Work through the material below and count the lines holding the word "meson"; give that count and nothing more.

-- Opening Marker --

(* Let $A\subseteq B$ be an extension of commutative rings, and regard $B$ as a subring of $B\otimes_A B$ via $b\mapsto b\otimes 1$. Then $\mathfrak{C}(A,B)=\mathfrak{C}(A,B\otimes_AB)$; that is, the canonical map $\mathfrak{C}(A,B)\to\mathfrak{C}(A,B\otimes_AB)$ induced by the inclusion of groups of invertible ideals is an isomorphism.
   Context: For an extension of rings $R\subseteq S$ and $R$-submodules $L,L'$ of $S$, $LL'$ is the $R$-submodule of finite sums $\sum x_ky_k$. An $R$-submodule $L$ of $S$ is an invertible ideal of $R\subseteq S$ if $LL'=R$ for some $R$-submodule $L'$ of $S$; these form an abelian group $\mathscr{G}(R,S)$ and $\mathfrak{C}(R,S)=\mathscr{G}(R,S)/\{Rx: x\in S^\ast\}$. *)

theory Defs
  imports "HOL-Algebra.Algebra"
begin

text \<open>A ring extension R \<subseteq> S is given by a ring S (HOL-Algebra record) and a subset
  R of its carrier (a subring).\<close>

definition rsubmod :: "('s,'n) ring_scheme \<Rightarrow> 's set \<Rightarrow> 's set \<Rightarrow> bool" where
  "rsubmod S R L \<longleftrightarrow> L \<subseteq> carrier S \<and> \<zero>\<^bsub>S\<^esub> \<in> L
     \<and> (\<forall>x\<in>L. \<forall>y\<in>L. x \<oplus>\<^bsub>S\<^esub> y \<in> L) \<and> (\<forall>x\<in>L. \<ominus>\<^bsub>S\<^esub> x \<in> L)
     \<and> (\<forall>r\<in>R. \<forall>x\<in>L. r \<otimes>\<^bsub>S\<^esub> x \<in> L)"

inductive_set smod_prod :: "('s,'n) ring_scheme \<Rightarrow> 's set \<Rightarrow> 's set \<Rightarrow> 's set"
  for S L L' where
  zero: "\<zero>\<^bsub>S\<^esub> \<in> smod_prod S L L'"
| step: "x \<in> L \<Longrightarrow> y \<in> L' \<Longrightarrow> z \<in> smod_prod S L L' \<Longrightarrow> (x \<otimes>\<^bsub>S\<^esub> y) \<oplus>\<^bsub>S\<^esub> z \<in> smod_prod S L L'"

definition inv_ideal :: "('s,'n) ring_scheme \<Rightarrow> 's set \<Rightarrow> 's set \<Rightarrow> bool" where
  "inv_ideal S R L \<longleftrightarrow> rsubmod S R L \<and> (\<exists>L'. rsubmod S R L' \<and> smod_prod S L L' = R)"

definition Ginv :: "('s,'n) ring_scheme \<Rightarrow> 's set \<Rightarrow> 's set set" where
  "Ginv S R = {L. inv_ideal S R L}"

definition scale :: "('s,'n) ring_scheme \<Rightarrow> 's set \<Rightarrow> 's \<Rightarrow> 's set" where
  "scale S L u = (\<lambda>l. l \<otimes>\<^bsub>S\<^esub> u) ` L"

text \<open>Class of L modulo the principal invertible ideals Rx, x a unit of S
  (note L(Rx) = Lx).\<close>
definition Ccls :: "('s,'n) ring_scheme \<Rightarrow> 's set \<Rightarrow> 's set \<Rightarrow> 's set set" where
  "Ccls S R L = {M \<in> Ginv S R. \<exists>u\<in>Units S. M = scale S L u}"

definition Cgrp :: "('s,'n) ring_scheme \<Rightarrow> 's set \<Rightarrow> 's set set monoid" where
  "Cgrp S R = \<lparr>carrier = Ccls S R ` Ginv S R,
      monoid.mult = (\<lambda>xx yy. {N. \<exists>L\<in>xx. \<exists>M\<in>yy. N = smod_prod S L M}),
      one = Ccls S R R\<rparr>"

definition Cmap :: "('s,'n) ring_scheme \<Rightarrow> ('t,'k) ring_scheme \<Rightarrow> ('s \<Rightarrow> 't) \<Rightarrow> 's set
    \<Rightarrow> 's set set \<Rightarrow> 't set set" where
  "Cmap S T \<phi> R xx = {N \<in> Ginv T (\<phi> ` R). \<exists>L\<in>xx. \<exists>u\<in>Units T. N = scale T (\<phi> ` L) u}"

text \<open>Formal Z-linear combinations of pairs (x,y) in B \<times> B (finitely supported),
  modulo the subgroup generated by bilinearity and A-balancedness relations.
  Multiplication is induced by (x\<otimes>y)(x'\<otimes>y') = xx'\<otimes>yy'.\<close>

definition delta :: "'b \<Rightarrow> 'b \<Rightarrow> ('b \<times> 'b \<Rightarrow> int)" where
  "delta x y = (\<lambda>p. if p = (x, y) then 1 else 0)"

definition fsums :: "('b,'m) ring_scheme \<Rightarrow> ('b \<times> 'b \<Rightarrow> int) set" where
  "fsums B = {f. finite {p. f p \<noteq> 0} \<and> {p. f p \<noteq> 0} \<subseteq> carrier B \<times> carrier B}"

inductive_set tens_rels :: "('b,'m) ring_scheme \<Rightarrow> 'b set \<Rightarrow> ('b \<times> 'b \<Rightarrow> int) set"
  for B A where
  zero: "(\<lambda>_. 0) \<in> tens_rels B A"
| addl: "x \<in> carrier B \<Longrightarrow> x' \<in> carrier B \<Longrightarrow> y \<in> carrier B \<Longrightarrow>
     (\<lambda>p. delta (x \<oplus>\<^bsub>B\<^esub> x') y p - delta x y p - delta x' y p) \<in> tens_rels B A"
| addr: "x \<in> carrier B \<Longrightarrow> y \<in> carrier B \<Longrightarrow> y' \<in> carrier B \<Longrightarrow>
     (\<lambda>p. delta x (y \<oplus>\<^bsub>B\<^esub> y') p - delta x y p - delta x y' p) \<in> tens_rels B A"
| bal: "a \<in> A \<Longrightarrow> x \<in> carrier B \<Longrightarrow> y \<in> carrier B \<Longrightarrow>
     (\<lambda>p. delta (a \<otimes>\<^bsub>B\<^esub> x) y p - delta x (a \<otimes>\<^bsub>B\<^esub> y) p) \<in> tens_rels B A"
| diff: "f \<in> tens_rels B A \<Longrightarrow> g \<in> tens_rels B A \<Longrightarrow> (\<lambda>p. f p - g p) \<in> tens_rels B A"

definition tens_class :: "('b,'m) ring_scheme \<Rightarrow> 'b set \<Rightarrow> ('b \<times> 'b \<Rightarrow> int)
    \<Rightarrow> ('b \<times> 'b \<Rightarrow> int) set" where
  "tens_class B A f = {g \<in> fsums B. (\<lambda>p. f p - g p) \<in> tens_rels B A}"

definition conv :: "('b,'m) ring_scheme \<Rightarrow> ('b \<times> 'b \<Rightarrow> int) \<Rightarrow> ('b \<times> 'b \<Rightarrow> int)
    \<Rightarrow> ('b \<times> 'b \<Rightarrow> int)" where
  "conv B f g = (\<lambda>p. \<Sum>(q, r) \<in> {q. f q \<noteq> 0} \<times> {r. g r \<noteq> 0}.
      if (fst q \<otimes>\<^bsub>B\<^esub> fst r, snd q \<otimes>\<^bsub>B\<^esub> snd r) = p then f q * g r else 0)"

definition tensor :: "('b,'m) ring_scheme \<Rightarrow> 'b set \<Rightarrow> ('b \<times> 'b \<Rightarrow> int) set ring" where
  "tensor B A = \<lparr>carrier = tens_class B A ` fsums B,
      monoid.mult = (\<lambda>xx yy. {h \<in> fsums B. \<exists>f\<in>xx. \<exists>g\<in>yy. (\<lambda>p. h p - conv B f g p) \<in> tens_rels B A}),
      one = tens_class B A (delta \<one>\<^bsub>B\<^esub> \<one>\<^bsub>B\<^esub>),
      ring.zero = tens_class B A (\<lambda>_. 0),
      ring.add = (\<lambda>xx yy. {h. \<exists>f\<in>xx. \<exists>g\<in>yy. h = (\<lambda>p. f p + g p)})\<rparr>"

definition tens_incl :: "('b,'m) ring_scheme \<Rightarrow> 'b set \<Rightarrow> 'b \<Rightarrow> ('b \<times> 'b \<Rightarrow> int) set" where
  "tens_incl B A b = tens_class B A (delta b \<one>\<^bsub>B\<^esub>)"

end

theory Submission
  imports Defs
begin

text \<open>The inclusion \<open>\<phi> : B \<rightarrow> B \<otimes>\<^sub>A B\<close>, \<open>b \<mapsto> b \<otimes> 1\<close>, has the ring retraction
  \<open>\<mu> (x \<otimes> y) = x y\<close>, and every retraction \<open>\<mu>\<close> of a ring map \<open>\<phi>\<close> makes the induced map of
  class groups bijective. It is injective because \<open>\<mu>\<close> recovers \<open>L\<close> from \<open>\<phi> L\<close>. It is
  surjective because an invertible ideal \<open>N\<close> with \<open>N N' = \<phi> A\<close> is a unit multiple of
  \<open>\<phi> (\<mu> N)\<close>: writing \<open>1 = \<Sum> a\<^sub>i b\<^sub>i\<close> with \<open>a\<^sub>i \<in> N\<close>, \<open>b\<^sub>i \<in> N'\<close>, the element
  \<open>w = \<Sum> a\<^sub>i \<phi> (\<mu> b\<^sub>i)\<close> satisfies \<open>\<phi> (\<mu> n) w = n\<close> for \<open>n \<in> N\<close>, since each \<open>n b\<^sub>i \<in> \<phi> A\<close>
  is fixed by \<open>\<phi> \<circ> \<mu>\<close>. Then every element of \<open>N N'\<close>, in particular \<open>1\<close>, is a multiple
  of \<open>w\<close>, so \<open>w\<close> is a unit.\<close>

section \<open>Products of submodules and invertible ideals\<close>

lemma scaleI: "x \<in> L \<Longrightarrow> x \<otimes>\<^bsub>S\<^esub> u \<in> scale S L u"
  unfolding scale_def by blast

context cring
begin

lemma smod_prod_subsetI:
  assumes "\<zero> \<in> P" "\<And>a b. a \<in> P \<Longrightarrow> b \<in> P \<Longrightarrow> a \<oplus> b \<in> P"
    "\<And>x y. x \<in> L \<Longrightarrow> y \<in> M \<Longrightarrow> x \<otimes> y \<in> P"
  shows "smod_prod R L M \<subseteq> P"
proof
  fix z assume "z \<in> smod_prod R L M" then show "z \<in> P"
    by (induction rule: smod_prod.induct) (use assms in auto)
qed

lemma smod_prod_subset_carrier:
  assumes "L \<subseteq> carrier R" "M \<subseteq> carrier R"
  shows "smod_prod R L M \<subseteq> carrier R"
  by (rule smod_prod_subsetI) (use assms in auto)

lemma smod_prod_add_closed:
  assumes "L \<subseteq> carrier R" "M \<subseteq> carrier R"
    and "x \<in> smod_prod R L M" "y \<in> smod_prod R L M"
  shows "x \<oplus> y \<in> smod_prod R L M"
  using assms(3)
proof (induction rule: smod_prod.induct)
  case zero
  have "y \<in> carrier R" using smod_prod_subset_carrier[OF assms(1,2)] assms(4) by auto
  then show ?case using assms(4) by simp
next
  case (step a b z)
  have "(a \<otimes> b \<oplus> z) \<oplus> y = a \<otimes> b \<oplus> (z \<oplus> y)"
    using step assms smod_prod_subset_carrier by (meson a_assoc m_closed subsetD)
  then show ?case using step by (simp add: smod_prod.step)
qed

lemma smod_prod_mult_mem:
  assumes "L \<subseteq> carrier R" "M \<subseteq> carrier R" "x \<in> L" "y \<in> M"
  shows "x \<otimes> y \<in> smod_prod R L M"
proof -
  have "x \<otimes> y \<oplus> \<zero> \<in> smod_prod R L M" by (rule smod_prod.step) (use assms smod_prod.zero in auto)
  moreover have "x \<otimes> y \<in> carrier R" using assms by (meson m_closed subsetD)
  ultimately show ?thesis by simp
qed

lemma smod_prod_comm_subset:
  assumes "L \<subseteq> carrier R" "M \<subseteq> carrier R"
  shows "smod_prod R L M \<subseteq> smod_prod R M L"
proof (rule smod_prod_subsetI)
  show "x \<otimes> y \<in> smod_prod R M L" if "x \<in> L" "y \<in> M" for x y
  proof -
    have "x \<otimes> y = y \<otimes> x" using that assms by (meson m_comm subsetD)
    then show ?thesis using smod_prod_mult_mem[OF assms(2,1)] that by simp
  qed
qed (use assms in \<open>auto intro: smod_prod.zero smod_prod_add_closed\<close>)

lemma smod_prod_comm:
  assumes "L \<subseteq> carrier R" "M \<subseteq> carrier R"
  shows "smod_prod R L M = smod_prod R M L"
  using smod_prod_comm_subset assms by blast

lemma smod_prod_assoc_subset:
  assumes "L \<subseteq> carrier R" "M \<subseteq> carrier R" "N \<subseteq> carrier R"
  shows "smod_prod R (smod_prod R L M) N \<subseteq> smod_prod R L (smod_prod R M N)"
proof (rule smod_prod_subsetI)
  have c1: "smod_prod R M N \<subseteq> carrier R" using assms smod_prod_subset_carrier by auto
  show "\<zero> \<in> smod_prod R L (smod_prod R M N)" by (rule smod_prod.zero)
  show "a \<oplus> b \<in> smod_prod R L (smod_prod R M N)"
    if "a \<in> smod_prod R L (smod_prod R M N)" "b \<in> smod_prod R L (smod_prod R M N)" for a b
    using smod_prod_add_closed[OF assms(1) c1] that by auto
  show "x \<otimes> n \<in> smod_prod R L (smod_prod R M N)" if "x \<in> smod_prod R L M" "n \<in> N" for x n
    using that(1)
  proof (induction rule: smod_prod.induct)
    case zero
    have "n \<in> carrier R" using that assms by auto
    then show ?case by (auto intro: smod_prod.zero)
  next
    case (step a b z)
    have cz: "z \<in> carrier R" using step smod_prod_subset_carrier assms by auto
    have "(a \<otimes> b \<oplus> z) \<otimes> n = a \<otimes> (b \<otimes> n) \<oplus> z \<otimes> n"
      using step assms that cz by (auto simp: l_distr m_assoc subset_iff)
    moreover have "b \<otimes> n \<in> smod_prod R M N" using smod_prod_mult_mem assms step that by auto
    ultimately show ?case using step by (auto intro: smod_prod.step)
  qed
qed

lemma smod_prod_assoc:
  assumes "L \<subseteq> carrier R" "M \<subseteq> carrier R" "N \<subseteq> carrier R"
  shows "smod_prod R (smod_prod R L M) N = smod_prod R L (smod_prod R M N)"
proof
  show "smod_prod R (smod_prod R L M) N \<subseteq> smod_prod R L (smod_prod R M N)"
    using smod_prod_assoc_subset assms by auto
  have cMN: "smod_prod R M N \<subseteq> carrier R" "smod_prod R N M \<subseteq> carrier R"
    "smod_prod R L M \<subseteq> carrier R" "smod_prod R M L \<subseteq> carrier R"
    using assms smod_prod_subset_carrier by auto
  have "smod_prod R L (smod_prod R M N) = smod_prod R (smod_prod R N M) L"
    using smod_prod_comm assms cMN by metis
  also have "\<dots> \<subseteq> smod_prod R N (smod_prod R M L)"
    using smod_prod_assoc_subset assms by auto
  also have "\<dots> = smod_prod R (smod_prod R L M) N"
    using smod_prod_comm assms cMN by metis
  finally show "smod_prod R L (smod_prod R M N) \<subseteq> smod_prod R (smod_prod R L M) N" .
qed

-- Closing Marker --

### Exercise solution
3